__DIRECTIONS__
Lines of the listing that contain "assms" need to be copied.

..............................

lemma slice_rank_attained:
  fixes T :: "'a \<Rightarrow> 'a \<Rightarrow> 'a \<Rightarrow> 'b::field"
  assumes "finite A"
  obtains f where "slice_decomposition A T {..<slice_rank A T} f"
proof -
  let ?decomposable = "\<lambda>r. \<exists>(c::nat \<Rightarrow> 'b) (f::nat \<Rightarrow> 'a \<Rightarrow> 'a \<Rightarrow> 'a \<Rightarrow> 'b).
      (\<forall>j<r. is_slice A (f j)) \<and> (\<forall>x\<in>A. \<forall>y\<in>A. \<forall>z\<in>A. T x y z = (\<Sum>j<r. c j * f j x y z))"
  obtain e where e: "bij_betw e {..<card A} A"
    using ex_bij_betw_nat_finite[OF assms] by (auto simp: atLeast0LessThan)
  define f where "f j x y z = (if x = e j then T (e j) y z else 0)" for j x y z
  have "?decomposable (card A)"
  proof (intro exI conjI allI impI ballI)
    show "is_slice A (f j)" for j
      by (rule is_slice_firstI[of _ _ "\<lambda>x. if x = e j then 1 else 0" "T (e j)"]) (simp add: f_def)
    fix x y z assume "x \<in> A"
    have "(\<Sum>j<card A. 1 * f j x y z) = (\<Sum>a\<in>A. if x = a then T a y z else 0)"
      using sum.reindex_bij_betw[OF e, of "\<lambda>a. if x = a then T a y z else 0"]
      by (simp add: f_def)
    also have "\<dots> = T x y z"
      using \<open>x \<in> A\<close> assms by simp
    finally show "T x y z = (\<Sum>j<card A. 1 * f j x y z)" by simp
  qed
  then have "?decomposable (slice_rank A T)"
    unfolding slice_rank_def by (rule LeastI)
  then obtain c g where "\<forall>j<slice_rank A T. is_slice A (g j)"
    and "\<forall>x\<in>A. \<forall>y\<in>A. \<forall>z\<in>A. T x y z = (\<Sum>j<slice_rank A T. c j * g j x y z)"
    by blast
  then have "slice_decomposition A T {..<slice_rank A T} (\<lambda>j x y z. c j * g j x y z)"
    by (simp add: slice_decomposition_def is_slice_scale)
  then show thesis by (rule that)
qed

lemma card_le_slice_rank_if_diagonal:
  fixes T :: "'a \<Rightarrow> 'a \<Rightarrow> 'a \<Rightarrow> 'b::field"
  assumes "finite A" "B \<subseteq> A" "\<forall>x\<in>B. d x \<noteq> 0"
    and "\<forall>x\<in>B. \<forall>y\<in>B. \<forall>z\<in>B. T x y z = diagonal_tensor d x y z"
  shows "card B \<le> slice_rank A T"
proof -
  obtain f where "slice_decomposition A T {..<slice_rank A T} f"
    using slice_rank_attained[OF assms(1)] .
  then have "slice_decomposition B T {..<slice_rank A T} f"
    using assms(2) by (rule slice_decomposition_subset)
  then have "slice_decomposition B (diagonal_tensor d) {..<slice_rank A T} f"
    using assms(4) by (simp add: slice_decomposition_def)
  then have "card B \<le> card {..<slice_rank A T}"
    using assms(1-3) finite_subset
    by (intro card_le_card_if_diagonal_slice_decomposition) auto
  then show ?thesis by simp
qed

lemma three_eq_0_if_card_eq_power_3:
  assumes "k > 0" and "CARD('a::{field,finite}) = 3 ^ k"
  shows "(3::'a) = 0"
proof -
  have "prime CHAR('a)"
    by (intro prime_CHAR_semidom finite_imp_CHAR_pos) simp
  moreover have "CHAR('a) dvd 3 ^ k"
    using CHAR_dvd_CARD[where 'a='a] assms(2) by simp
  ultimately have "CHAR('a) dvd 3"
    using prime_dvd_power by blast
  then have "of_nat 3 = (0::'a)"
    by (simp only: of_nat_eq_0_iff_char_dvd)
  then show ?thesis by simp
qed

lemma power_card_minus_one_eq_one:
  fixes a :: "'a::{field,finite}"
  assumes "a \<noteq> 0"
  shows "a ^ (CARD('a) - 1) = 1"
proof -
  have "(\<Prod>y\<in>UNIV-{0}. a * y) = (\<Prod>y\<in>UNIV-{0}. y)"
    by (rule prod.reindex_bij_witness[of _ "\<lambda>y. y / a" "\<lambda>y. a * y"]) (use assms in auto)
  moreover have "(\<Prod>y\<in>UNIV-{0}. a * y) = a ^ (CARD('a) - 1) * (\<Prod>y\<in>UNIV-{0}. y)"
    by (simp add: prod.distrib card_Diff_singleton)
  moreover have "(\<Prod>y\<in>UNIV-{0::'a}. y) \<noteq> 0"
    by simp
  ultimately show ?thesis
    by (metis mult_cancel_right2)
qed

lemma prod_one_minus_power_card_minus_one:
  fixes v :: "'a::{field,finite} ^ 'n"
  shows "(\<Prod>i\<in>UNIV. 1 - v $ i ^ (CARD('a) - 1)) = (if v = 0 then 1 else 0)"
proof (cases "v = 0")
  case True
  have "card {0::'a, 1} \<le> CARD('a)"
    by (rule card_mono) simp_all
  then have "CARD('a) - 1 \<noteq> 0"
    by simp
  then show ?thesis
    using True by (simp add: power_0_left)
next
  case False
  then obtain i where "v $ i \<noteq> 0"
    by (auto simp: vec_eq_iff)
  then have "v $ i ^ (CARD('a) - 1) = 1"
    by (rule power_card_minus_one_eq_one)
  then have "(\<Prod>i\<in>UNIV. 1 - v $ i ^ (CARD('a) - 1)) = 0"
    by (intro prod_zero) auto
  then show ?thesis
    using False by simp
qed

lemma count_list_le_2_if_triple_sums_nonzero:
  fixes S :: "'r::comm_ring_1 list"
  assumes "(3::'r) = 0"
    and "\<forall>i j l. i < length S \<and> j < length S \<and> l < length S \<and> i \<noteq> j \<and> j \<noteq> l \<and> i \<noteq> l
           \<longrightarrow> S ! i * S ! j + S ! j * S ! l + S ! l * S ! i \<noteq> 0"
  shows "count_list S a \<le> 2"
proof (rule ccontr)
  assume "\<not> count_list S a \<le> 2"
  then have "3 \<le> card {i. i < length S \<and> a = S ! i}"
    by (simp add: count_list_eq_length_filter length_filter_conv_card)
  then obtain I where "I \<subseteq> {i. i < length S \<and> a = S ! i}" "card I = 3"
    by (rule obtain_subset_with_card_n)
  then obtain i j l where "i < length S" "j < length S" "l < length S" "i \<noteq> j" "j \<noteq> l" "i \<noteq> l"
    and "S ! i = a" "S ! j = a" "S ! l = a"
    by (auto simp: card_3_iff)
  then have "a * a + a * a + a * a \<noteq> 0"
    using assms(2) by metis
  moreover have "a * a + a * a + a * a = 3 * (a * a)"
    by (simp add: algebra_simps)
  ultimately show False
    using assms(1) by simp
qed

..............................

__REPLY__
    using ex_bij_betw_nat_finite[OF assms] by (auto simp: atLeast0LessThan)
      using \<open>x \<in> A\<close> assms by simp
    using slice_rank_attained[OF assms(1)] .
    using assms(2) by (rule slice_decomposition_subset)
    using assms(4) by (simp add: slice_decomposition_def)
    using assms(1-3) finite_subset
    using CHAR_dvd_CARD[where 'a='a] assms(2) by simp
    by (rule prod.reindex_bij_witness[of _ "\<lambda>y. y / a" "\<lambda>y. a * y"]) (use assms in auto)
    using assms(2) by metis
    using assms(1) by simp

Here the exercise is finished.